text \<open>If \<open>F\<close> rises by at most one per step, every intermediate level is the starting level of
  some arc ending at \<open>p\<close>: start right after the last visit of that level before \<open>p\<close>.\<close>

lemma first_drop_fibre_onto:
  assumes step: "\<And>q. F q \<le> F (q - 1) + 1" and m: "m \<in> {F p .. F (p - 1)}"
  shows "\<exists>i. first_drop F i = p \<and> F (i - 1) = m"
proof -
  define Q where "Q = {q. p - N \<le> q \<and> q < p \<and> F q \<le> m}"
  define q where "q = Max Q"
  have fin: "finite Q" unfolding Q_def by (rule finite_subset[of _ "{p - N..<p}"]) auto
  moreover have "p - N \<in> Q" unfolding Q_def using N_pos m F_periodic[of "p - N"] by simp
  ultimately have q: "q \<in> Q" unfolding q_def by (intro Max_in) auto
  have above: "m < F r" if "q < r" "r < p" for r
  proof (rule ccontr)
    assume "\<not> m < F r"
    then have "r \<in> Q" using that q unfolding Q_def by simp
    then show False using Max_ge[OF fin] that unfolding q_def by fastforce
  qed
  have Fq: "F q = m"
  proof (cases "q + 1 < p")
    case True
    then have "m < F (q + 1)" using above by simp
    then show ?thesis using step[of "q + 1"] q unfolding Q_def by simp
  next
    case False
    then have "q = p - 1" using q unfolding Q_def by simp
    then show ?thesis using q m unfolding Q_def by simp
  qed
  have "first_drop F (q + 1) = p"
  proof (rule first_drop_eqI)
    show "q + 1 \<le> p" using q unfolding Q_def by simp
    show "F p \<le> F (q + 1 - 1)" using Fq m by simp
    fix r assume "q + 1 \<le> r" "r < p"
    then show "F (q + 1 - 1) < F r" using above[of r] Fq by simp
  qed
  then show ?thesis using Fq by (intro exI[of _ "q + 1"]) simp
qed

lemma first_drop_fibre_card:
  assumes step: "\<And>q. F q \<le> F (q - 1) + 1"
  shows "card {i. first_drop F i = p} = nat (F (p - 1) - F p + 1)"
proof -
  have "inj_on (\<lambda>i. F (i - 1)) {i. first_drop F i = p}"
  proof (rule inj_onI)
    fix i i' assume "i \<in> {i. first_drop F i = p}" "i' \<in> {i. first_drop F i = p}"
      and "F (i - 1) = F (i' - 1)"
    then show "i = i'" using first_drop_fibre_mono[of i p i'] first_drop_fibre_mono[of i' p i]
      by (cases i i' rule: linorder_cases) auto
  qed
  moreover have "(\<lambda>i. F (i - 1)) ` {i. first_drop F i = p} = {F p .. F (p - 1)}"
  proof (intro equalityI subsetI)
    fix m assume "m \<in> {F p .. F (p - 1)}"
    then show "m \<in> (\<lambda>i. F (i - 1)) ` {i. first_drop F i = p}"
      using first_drop_fibre_onto[OF step] by blast
  qed (use first_drop_fibre_range in blast)
  ultimately have "bij_betw (\<lambda>i. F (i - 1)) {i. first_drop F i = p} {F p .. F (p - 1)}"
    unfolding bij_betw_def by blast
  then show ?thesis by (simp add: bij_betw_same_card)
qed

end

lemma first_drop_depth:
  assumes nest: "nesting N h"
  shows "first_drop (depth h) i = h i"
proof (rule first_drop_eqI)
  note finite_crossing = finite_crossing[OF nest]
  show "i \<le> h i" by (rule nesting_le[OF nest])
  have "{k. k \<le> h i \<and> h i < h k} \<subseteq> {k. k \<le> i - 1 \<and> i - 1 < h k}"
  proof
    fix k assume k: "k \<in> {k. k \<le> h i \<and> h i < h k}"
    have "k < i"
    proof (rule ccontr)
      assume "\<not> k < i"
      then have "k = i \<or> i < k" by linarith
      then show False using k nesting_nested[OF nest, of i k] by auto
    qed
    then show "k \<in> {k. k \<le> i - 1 \<and> i - 1 < h k}" using k nesting_le[OF nest, of i] by simp
  qed
  then show "depth h (h i) \<le> depth h (i - 1)"
    unfolding depth_def by (simp only: of_nat_le_iff card_mono[OF finite_crossing])
  fix q assume q: "i \<le> q" "q < h i"
  have "insert i {k. k \<le> i - 1 \<and> i - 1 < h k} \<subseteq> {k. k \<le> q \<and> q < h k}"
  proof
    fix k assume "k \<in> insert i {k. k \<le> i - 1 \<and> i - 1 < h k}"
    then consider "k = i" | "k < i" "i \<le> h k" by auto
    then show "k \<in> {k. k \<le> q \<and> q < h k}"
      using q nesting_nested[OF nest, of k i] by cases auto
  qed
  then have "card (insert i {k. k \<le> i - 1 \<and> i - 1 < h k}) \<le> card {k. k \<le> q \<and> q < h k}"
    using card_mono[OF finite_crossing] by blast
  then show "depth h (i - 1) < depth h q"
    unfolding depth_def using finite_crossing[of "i - 1"] by simp
qed

text \<open>Hence a nesting function is determined by the number of arcs ending at each position:
  these numbers determine the depth up to an additive constant.\<close>

lemma nesting_eq_of_ends:
  assumes nest: "nesting N h" and nest': "nesting N h'"
    and ends: "\<And>p. card {i. h i = p} = card {i. h' i = p}"
  shows "h = h'"
proof -
  have "depth h' q - depth h q = depth h' 0 - depth h 0" for q
  proof (induction q rule: int_induct[where k=0])
    case (step1 q)
    then show ?case using depth_step[OF nest, of "q + 1"] depth_step[OF nest', of "q + 1"] ends[of "q + 1"]
      by simp
  next
    case (step2 q)
    then show ?case using depth_step[OF nest, of q] depth_step[OF nest', of q] ends[of q] by simp
  qed simp
  then have "depth h' = (\<lambda>q. depth h q + (depth h' 0 - depth h 0))"
    by (auto simp: fun_eq_iff algebra_simps)
  then have "first_drop (depth h') = first_drop (depth h)"
    using first_drop_add_const by metis
  then show ?thesis using first_drop_depth[OF nest] first_drop_depth[OF nest'] by (auto simp: fun_eq_iff)
qed

lemma nesting_period_pos: "nesting N h \<Longrightarrow> N > 0"
  using nesting_le[of N h 0] nesting_lt[of N h 0] by simp

section \<open>Nesting functions and weak compositions\<close>

definition arc_counts :: "nat \<Rightarrow> (int \<Rightarrow> int) \<Rightarrow> nat list" where
  "arc_counts n h = map (\<lambda>j. card {i. h i = int j}) [1..<n + 1]"

text \<open>Summing the arc counts telescopes the depth.\<close>

lemma arc_counts_sum:
  assumes "nesting N h"
  shows "int (sum_list (arc_counts m h)) = int m + depth h 0 - depth h (int m)"
proof (induction m)
  case (Suc m)
  have "int (sum_list (arc_counts (Suc m) h))
      = int (sum_list (arc_counts m h)) + int (card {i. h i = 1 + int m})"
    unfolding arc_counts_def by simp
  then show ?case using Suc depth_step[OF assms, of "1 + int m"] by simp
qed (simp add: arc_counts_def)

text \<open>By periodicity of the depth, the arc counts of period \<open>n\<close> form a weak composition of \<open>n\<close>.\<close>

lemma arc_counts_composition:
  assumes "nesting (int n) h"
  shows "arc_counts n h \<in> {l. length l = n \<and> sum_list l = n}"
proof -
  have "depth h (0 + int n) = depth h 0" by (rule depth_periodic[OF assms])
  then have "int (sum_list (arc_counts n h)) = int n" using arc_counts_sum[OF assms, of n] by simp
  then show ?thesis unfolding arc_counts_def by simp
qed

....................

Aim of the exercise -
Output the entries above word for word.

Written solution -
text \<open>If \<open>F\<close> rises by at most one per step, every intermediate level is the starting level of
  some arc ending at \<open>p\<close>: start right after the last visit of that level before \<open>p\<close>.\<close>

lemma first_drop_fibre_onto:
  assumes step: "\<And>q. F q \<le> F (q - 1) + 1" and m: "m \<in> {F p .. F (p - 1)}"
  shows "\<exists>i. first_drop F i = p \<and> F (i - 1) = m"
proof -
  define Q where "Q = {q. p - N \<le> q \<and> q < p \<and> F q \<le> m}"
  define q where "q = Max Q"
  have fin: "finite Q" unfolding Q_def by (rule finite_subset[of _ "{p - N..<p}"]) auto
  moreover have "p - N \<in> Q" unfolding Q_def using N_pos m F_periodic[of "p - N"] by simp
  ultimately have q: "q \<in> Q" unfolding q_def by (intro Max_in) auto
  have above: "m < F r" if "q < r" "r < p" for r
  proof (rule ccontr)
    assume "\<not> m < F r"
    then have "r \<in> Q" using that q unfolding Q_def by simp
    then show False using Max_ge[OF fin] that unfolding q_def by fastforce
  qed
  have Fq: "F q = m"
  proof (cases "q + 1 < p")
    case True
    then have "m < F (q + 1)" using above by simp
    then show ?thesis using step[of "q + 1"] q unfolding Q_def by simp
  next
    case False
    then have "q = p - 1" using q unfolding Q_def by simp
    then show ?thesis using q m unfolding Q_def by simp
  qed
  have "first_drop F (q + 1) = p"
  proof (rule first_drop_eqI)
    show "q + 1 \<le> p" using q unfolding Q_def by simp
    show "F p \<le> F (q + 1 - 1)" using Fq m by simp
    fix r assume "q + 1 \<le> r" "r < p"
    then show "F (q + 1 - 1) < F r" using above[of r] Fq by simp
  qed
  then show ?thesis using Fq by (intro exI[of _ "q + 1"]) simp
qed

lemma first_drop_fibre_card:
  assumes step: "\<And>q. F q \<le> F (q - 1) + 1"
  shows "card {i. first_drop F i = p} = nat (F (p - 1) - F p + 1)"
proof -
  have "inj_on (\<lambda>i. F (i - 1)) {i. first_drop F i = p}"
  proof (rule inj_onI)
    fix i i' assume "i \<in> {i. first_drop F i = p}" "i' \<in> {i. first_drop F i = p}"
      and "F (i - 1) = F (i' - 1)"
    then show "i = i'" using first_drop_fibre_mono[of i p i'] first_drop_fibre_mono[of i' p i]
      by (cases i i' rule: linorder_cases) auto
  qed
  moreover have "(\<lambda>i. F (i - 1)) ` {i. first_drop F i = p} = {F p .. F (p - 1)}"
  proof (intro equalityI subsetI)
    fix m assume "m \<in> {F p .. F (p - 1)}"
    then show "m \<in> (\<lambda>i. F (i - 1)) ` {i. first_drop F i = p}"
      using first_drop_fibre_onto[OF step] by blast
  qed (use first_drop_fibre_range in blast)
  ultimately have "bij_betw (\<lambda>i. F (i - 1)) {i. first_drop F i = p} {F p .. F (p - 1)}"
    unfolding bij_betw_def by blast
  then show ?thesis by (simp add: bij_betw_same_card)
qed

end

lemma first_drop_depth:
  assumes nest: "nesting N h"
  shows "first_drop (depth h) i = h i"
proof (rule first_drop_eqI)
  note finite_crossing = finite_crossing[OF nest]
  show "i \<le> h i" by (rule nesting_le[OF nest])
  have "{k. k \<le> h i \<and> h i < h k} \<subseteq> {k. k \<le> i - 1 \<and> i - 1 < h k}"
  proof
    fix k assume k: "k \<in> {k. k \<le> h i \<and> h i < h k}"
    have "k < i"
    proof (rule ccontr)
      assume "\<not> k < i"
      then have "k = i \<or> i < k" by linarith
      then show False using k nesting_nested[OF nest, of i k] by auto
    qed
    then show "k \<in> {k. k \<le> i - 1 \<and> i - 1 < h k}" using k nesting_le[OF nest, of i] by simp
  qed
  then show "depth h (h i) \<le> depth h (i - 1)"
    unfolding depth_def by (simp only: of_nat_le_iff card_mono[OF finite_crossing])
  fix q assume q: "i \<le> q" "q < h i"
  have "insert i {k. k \<le> i - 1 \<and> i - 1 < h k} \<subseteq> {k. k \<le> q \<and> q < h k}"
  proof
    fix k assume "k \<in> insert i {k. k \<le> i - 1 \<and> i - 1 < h k}"
    then consider "k = i" | "k < i" "i \<le> h k" by auto
    then show "k \<in> {k. k \<le> q \<and> q < h k}"
      using q nesting_nested[OF nest, of k i] by cases auto
  qed
  then have "card (insert i {k. k \<le> i - 1 \<and> i - 1 < h k}) \<le> card {k. k \<le> q \<and> q < h k}"
    using card_mono[OF finite_crossing] by blast
  then show "depth h (i - 1) < depth h q"
    unfolding depth_def using finite_crossing[of "i - 1"] by simp
qed

text \<open>Hence a nesting function is determined by the number of arcs ending at each position:
  these numbers determine the depth up to an additive constant.\<close>

lemma nesting_eq_of_ends:
  assumes nest: "nesting N h" and nest': "nesting N h'"
    and ends: "\<And>p. card {i. h i = p} = card {i. h' i = p}"
  shows "h = h'"
proof -
  have "depth h' q - depth h q = depth h' 0 - depth h 0" for q
  proof (induction q rule: int_induct[where k=0])
    case (step1 q)
    then show ?case using depth_step[OF nest, of "q + 1"] depth_step[OF nest', of "q + 1"] ends[of "q + 1"]
      by simp
  next
    case (step2 q)
    then show ?case using depth_step[OF nest, of q] depth_step[OF nest', of q] ends[of q] by simp
  qed simp
  then have "depth h' = (\<lambda>q. depth h q + (depth h' 0 - depth h 0))"
    by (auto simp: fun_eq_iff algebra_simps)
  then have "first_drop (depth h') = first_drop (depth h)"
    using first_drop_add_const by metis
  then show ?thesis using first_drop_depth[OF nest] first_drop_depth[OF nest'] by (auto simp: fun_eq_iff)
qed

lemma nesting_period_pos: "nesting N h \<Longrightarrow> N > 0"
  using nesting_le[of N h 0] nesting_lt[of N h 0] by simp

section \<open>Nesting functions and weak compositions\<close>

definition arc_counts :: "nat \<Rightarrow> (int \<Rightarrow> int) \<Rightarrow> nat list" where
  "arc_counts n h = map (\<lambda>j. card {i. h i = int j}) [1..<n + 1]"

text \<open>Summing the arc counts telescopes the depth.\<close>

lemma arc_counts_sum:
  assumes "nesting N h"
  shows "int (sum_list (arc_counts m h)) = int m + depth h 0 - depth h (int m)"
proof (induction m)
  case (Suc m)
  have "int (sum_list (arc_counts (Suc m) h))
      = int (sum_list (arc_counts m h)) + int (card {i. h i = 1 + int m})"
    unfolding arc_counts_def by simp
  then show ?case using Suc depth_step[OF assms, of "1 + int m"] by simp
qed (simp add: arc_counts_def)

text \<open>By periodicity of the depth, the arc counts of period \<open>n\<close> form a weak composition of \<open>n\<close>.\<close>

lemma arc_counts_composition:
  assumes "nesting (int n) h"
  shows "arc_counts n h \<in> {l. length l = n \<and> sum_list l = n}"
proof -
  have "depth h (0 + int n) = depth h 0" by (rule depth_periodic[OF assms])
  then have "int (sum_list (arc_counts n h)) = int n" using arc_counts_sum[OF assms, of n] by simp
  then show ?thesis unfolding arc_counts_def by simp
qed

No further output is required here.